> _Material provided_:
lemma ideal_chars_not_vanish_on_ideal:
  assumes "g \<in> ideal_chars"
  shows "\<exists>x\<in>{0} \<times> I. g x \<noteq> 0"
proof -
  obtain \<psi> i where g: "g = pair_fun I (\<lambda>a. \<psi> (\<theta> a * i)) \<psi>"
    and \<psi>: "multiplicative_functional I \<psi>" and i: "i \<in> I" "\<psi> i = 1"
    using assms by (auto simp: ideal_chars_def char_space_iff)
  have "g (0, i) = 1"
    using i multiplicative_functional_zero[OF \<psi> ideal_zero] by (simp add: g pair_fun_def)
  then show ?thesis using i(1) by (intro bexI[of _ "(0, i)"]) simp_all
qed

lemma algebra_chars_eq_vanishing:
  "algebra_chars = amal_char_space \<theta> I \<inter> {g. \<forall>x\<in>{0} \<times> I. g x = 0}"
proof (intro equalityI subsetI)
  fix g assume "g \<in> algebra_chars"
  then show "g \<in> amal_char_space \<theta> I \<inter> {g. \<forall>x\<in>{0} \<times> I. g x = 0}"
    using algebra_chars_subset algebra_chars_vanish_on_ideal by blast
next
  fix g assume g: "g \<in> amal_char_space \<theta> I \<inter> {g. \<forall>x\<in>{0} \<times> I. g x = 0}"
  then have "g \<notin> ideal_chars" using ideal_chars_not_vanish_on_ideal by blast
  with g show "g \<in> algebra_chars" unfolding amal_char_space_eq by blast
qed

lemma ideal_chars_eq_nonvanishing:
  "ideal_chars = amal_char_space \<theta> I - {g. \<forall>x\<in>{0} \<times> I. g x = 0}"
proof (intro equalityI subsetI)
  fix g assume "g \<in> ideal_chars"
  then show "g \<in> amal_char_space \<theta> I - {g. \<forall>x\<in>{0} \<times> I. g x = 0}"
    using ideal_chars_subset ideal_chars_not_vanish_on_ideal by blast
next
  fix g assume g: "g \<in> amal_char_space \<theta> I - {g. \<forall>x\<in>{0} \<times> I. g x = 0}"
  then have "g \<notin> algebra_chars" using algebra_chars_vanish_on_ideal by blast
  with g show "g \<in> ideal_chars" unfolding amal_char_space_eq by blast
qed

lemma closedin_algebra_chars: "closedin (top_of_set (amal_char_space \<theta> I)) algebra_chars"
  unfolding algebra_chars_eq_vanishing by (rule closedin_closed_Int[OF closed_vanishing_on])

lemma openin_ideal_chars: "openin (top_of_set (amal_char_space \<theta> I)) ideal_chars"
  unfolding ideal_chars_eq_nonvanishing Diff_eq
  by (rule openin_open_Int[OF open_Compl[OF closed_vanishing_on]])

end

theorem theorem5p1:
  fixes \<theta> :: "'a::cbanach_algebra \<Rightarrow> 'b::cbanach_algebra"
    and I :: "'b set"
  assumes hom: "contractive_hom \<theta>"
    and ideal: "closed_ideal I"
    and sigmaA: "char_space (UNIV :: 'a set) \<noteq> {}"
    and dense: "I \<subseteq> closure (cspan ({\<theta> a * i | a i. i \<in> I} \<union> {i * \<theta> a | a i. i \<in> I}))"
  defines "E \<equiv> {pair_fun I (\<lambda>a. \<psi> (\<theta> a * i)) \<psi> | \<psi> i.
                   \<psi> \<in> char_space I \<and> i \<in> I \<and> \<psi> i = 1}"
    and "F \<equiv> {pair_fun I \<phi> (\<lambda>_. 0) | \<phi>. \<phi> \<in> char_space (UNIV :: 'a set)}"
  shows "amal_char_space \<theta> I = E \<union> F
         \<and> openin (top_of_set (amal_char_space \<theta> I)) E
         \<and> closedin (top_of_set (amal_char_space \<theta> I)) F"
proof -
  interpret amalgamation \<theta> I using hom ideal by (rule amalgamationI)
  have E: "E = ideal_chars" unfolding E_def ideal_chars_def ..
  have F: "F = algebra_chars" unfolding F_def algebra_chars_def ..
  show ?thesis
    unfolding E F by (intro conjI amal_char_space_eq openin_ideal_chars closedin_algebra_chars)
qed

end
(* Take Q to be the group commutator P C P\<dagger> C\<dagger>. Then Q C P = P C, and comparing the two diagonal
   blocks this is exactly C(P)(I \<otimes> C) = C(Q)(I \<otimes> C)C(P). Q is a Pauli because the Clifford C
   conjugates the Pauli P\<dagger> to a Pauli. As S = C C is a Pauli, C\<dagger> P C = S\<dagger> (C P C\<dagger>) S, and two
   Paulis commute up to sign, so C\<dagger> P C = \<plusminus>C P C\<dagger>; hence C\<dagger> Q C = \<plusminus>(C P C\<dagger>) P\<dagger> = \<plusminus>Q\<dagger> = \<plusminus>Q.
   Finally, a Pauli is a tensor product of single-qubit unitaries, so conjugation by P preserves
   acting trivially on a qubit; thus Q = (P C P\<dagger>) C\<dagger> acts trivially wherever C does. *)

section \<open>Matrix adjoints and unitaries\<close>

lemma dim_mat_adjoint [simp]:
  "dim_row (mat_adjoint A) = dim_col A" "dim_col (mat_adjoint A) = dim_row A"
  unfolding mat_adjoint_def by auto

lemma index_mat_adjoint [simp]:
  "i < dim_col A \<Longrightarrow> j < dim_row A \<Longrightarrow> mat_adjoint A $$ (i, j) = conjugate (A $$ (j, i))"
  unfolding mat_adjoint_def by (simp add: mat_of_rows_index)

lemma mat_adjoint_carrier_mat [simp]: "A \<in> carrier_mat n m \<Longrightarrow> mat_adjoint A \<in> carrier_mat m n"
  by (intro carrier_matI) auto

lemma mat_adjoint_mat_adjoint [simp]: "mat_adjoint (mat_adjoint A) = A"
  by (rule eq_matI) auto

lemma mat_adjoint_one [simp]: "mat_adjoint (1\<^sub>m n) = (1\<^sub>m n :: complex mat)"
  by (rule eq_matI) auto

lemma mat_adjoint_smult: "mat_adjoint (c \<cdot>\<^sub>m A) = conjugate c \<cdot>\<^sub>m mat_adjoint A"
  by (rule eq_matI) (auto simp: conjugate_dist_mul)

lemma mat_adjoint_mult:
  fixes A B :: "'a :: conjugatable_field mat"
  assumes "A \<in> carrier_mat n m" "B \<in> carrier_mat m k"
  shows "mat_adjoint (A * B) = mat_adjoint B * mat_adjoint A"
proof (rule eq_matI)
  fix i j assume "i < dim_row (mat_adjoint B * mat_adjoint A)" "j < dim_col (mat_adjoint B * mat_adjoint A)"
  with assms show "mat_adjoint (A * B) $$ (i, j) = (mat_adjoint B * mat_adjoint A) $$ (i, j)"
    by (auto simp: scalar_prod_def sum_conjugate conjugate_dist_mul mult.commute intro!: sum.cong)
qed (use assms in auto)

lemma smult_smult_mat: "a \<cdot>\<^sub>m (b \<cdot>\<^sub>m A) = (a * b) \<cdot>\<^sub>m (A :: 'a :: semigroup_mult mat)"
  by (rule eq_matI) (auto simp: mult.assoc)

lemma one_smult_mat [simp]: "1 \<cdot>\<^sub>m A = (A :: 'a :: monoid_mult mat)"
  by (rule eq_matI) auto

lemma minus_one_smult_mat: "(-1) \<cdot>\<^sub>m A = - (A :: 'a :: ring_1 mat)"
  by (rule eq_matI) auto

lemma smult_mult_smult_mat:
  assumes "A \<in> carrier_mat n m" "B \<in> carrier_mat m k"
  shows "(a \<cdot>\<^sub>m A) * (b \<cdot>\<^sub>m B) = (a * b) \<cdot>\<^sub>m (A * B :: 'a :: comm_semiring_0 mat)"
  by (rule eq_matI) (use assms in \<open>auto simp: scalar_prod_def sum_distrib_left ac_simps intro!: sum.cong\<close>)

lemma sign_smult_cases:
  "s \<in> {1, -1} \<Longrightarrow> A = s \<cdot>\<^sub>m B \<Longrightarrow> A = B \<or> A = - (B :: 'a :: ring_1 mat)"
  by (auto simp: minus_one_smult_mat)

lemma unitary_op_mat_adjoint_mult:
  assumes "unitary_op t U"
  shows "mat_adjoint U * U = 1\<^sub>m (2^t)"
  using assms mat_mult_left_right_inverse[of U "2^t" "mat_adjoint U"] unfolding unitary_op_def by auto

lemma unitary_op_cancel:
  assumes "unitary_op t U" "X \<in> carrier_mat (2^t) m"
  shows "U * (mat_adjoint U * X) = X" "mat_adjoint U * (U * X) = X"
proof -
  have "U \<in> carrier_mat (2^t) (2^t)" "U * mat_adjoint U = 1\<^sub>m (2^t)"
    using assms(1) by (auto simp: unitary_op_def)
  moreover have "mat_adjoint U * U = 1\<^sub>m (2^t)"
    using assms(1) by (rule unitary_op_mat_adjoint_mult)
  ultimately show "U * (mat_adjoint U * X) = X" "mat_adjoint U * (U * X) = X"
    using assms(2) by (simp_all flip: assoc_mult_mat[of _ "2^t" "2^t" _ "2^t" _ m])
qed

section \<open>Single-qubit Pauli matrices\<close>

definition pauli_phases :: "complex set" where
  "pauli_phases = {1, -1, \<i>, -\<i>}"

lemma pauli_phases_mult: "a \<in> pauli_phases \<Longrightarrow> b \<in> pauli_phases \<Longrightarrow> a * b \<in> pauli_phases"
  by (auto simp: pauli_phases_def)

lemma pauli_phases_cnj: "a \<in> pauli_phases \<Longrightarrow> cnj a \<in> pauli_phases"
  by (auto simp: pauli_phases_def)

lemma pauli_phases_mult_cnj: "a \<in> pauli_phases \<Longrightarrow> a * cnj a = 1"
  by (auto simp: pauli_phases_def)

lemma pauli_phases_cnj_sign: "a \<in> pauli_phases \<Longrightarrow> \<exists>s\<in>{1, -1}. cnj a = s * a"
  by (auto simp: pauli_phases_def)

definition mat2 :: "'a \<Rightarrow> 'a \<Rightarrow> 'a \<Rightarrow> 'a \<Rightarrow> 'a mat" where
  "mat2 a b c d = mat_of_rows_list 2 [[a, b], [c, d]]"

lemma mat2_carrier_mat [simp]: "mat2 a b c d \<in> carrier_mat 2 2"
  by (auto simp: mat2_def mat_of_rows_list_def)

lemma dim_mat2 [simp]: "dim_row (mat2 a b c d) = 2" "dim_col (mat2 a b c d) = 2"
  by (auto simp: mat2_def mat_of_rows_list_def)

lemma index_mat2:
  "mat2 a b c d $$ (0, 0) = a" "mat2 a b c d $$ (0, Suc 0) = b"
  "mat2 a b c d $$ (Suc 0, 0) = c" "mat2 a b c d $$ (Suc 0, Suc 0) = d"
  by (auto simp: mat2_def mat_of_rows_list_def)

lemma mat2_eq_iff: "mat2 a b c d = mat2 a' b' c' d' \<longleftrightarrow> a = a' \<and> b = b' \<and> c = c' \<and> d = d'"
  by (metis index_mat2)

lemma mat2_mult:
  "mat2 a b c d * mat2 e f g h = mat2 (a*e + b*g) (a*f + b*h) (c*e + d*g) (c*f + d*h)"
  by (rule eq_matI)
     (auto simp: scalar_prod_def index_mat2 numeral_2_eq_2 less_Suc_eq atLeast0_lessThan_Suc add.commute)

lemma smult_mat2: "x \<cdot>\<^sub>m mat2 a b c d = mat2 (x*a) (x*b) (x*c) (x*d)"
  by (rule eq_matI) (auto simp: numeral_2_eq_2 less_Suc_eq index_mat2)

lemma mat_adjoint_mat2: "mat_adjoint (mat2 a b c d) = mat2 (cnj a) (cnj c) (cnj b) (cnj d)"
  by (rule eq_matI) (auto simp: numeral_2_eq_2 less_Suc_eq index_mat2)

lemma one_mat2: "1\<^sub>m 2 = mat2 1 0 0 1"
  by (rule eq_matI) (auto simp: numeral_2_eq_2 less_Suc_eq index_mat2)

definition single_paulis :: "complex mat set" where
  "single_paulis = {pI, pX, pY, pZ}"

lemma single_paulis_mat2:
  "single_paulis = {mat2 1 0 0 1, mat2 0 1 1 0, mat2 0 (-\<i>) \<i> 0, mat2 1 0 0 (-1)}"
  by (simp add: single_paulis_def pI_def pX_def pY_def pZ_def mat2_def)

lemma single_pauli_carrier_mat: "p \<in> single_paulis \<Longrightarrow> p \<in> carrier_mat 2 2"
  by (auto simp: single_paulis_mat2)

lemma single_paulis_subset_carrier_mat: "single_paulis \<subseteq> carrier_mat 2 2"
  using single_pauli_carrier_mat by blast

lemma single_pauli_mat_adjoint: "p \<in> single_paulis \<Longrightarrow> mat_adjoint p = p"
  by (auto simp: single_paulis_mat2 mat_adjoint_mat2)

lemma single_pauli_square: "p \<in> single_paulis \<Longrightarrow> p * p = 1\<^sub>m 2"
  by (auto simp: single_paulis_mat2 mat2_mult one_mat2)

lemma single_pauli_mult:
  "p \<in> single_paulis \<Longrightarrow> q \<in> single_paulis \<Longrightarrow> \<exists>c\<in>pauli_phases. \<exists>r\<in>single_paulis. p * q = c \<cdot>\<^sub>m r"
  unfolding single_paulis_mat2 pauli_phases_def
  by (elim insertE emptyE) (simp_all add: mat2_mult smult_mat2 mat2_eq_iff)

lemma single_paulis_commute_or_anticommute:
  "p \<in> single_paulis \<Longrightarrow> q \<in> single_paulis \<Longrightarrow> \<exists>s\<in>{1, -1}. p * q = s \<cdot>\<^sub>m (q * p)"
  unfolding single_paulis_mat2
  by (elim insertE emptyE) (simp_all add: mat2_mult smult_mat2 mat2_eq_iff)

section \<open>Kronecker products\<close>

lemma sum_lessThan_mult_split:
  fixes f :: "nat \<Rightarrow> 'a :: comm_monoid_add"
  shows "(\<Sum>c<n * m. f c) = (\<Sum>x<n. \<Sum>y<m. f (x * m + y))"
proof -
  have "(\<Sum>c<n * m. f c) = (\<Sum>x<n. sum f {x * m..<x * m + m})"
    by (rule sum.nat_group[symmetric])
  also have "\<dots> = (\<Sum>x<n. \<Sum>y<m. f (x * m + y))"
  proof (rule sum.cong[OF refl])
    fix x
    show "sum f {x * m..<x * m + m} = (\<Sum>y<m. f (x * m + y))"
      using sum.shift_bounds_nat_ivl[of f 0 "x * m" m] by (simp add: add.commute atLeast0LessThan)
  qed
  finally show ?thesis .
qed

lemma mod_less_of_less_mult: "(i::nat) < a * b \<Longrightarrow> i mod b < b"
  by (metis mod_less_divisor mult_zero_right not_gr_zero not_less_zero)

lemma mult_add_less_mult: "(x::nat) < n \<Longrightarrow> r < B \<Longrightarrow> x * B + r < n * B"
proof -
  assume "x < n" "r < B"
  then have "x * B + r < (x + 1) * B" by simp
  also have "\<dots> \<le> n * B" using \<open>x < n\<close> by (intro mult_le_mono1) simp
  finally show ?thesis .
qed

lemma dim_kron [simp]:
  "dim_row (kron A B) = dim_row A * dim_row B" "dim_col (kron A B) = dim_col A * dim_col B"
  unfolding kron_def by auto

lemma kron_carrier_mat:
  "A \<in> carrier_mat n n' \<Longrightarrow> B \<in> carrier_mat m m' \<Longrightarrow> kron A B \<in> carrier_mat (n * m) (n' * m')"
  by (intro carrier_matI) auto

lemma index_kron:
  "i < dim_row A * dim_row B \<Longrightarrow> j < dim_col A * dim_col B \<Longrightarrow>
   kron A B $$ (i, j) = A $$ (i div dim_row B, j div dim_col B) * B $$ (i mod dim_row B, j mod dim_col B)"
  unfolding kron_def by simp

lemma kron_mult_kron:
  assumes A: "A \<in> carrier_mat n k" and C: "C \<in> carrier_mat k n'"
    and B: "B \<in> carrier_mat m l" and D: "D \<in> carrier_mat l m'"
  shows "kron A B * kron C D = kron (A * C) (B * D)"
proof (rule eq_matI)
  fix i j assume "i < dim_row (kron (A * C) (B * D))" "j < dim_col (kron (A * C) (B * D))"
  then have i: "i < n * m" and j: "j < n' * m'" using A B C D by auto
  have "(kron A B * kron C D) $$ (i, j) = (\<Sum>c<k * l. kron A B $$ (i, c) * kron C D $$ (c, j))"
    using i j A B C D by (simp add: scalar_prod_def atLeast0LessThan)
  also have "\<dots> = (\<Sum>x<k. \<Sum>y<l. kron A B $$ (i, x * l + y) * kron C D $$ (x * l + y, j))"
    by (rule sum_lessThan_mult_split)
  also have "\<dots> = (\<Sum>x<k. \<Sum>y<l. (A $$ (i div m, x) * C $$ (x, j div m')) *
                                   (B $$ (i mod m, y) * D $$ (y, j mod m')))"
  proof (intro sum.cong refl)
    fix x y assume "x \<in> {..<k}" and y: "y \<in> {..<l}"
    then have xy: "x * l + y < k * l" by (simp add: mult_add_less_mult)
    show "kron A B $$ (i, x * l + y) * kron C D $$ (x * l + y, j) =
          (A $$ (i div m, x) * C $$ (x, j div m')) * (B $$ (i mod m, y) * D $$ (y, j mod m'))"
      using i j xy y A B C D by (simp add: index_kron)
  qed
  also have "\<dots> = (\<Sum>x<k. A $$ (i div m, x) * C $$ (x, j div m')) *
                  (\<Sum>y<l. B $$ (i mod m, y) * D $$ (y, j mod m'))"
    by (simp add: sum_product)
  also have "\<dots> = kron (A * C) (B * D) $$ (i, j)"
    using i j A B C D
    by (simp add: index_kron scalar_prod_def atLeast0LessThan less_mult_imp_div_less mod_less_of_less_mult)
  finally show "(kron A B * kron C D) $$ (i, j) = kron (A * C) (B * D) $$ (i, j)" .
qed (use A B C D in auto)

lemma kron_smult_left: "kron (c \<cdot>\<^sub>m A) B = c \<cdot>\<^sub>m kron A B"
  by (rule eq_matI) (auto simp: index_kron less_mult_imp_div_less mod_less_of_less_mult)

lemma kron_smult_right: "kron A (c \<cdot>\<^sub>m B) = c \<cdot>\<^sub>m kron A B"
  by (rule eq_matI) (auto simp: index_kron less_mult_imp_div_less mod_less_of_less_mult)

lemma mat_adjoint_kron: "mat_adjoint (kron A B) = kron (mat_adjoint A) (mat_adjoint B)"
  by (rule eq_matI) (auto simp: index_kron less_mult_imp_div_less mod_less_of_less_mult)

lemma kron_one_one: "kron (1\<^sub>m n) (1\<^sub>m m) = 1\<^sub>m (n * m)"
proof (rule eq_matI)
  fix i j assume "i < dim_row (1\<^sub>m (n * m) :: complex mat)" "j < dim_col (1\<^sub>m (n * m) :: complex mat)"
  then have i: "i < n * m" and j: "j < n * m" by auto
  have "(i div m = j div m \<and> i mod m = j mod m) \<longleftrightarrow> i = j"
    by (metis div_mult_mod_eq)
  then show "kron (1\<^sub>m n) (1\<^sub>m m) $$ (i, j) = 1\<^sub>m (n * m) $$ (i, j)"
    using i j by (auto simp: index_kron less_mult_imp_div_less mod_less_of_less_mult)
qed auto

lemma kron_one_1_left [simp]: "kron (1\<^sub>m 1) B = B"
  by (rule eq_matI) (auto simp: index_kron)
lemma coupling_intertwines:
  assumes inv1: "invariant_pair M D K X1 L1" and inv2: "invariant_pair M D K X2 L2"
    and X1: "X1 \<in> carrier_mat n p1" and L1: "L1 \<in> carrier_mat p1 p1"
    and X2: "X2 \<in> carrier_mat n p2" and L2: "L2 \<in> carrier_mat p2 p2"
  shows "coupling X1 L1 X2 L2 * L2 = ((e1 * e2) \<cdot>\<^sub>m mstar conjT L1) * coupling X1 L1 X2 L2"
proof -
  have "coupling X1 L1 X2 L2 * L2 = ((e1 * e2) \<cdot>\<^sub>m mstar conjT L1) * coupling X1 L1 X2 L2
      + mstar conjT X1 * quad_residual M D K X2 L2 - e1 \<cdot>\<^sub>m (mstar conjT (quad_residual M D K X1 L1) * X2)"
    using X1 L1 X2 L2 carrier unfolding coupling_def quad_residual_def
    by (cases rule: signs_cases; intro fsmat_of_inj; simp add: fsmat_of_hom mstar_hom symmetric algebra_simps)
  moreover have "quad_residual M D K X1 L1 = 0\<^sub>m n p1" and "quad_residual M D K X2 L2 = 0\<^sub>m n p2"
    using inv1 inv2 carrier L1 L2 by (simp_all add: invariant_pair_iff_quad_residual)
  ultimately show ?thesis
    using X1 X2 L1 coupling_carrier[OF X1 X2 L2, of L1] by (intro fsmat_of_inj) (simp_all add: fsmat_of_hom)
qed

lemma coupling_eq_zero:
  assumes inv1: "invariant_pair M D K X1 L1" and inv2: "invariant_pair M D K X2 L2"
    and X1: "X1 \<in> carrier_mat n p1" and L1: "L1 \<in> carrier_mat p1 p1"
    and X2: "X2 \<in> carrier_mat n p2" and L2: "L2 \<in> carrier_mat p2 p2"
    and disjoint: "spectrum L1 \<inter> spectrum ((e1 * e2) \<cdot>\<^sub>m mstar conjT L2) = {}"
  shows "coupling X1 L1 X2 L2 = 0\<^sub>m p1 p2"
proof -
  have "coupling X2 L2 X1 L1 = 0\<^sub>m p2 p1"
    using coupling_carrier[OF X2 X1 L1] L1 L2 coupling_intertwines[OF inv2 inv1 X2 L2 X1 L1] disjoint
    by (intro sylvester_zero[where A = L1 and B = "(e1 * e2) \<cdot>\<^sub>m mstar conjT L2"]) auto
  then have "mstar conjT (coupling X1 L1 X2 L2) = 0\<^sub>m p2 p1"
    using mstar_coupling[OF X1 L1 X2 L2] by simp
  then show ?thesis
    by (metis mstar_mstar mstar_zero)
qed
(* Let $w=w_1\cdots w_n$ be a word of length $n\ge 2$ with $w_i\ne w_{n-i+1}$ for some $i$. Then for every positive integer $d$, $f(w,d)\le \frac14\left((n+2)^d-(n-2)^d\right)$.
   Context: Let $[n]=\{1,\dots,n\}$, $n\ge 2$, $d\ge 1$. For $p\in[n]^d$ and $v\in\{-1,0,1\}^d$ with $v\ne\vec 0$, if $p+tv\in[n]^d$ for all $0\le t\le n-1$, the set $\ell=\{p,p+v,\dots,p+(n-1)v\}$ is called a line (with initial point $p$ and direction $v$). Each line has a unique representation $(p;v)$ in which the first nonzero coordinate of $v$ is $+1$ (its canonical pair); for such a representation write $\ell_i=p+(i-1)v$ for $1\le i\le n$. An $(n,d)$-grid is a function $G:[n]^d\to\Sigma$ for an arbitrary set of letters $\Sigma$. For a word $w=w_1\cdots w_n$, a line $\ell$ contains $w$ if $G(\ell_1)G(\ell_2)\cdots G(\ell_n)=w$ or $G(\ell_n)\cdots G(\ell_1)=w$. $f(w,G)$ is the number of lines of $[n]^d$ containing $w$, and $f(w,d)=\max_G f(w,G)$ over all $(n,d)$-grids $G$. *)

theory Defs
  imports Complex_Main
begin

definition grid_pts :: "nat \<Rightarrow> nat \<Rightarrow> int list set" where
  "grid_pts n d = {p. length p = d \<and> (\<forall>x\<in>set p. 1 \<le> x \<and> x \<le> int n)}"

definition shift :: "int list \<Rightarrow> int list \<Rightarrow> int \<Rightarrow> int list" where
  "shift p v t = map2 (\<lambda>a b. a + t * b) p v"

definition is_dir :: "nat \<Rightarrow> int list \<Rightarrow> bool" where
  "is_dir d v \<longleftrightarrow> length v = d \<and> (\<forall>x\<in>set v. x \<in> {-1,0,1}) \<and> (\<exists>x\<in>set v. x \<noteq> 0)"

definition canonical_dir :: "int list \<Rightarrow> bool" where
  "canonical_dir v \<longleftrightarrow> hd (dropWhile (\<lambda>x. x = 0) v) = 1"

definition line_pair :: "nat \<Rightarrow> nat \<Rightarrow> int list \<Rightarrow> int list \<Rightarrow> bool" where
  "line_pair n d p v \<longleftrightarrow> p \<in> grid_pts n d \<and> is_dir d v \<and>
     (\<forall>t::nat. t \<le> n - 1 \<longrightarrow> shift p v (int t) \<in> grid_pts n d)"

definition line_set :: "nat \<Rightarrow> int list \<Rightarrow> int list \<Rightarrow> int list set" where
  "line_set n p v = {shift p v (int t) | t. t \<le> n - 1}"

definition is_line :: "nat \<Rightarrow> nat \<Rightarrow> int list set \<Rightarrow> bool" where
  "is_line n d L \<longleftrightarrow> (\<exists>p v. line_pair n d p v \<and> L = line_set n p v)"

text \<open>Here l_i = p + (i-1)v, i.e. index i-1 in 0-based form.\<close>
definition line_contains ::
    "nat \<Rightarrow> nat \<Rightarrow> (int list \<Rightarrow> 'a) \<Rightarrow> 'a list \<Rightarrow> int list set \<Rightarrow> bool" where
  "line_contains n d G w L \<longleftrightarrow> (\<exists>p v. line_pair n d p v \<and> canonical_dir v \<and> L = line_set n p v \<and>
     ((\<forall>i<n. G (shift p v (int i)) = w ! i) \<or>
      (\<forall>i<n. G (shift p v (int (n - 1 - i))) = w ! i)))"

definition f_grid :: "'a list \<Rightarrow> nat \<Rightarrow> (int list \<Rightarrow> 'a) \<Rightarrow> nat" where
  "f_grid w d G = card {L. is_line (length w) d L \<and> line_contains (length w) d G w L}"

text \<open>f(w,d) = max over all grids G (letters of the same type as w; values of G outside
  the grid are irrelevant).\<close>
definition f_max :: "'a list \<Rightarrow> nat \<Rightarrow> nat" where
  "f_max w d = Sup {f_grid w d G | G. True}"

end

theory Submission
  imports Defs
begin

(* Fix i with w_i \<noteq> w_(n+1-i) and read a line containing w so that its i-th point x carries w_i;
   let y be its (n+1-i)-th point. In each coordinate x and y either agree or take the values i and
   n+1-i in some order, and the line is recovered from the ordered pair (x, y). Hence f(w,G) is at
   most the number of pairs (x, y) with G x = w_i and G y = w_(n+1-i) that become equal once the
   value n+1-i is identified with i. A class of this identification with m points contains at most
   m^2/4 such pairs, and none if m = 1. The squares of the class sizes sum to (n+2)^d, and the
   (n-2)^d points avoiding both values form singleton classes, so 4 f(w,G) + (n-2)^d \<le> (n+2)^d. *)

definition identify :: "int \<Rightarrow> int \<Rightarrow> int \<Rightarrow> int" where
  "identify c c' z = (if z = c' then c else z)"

> _Task statement_:
Search the records for the string "some" and, wherever a line contains it, please copy that line.

> _Written answer_:
(* Let $w=w_1\cdots w_n$ be a word of length $n\ge 2$ with $w_i\ne w_{n-i+1}$ for some $i$. Then for every positive integer $d$, $f(w,d)\le \frac14\left((n+2)^d-(n-2)^d\right)$.
   n+1-i in some order, and the line is recovered from the ordered pair (x, y). Hence f(w,G) is at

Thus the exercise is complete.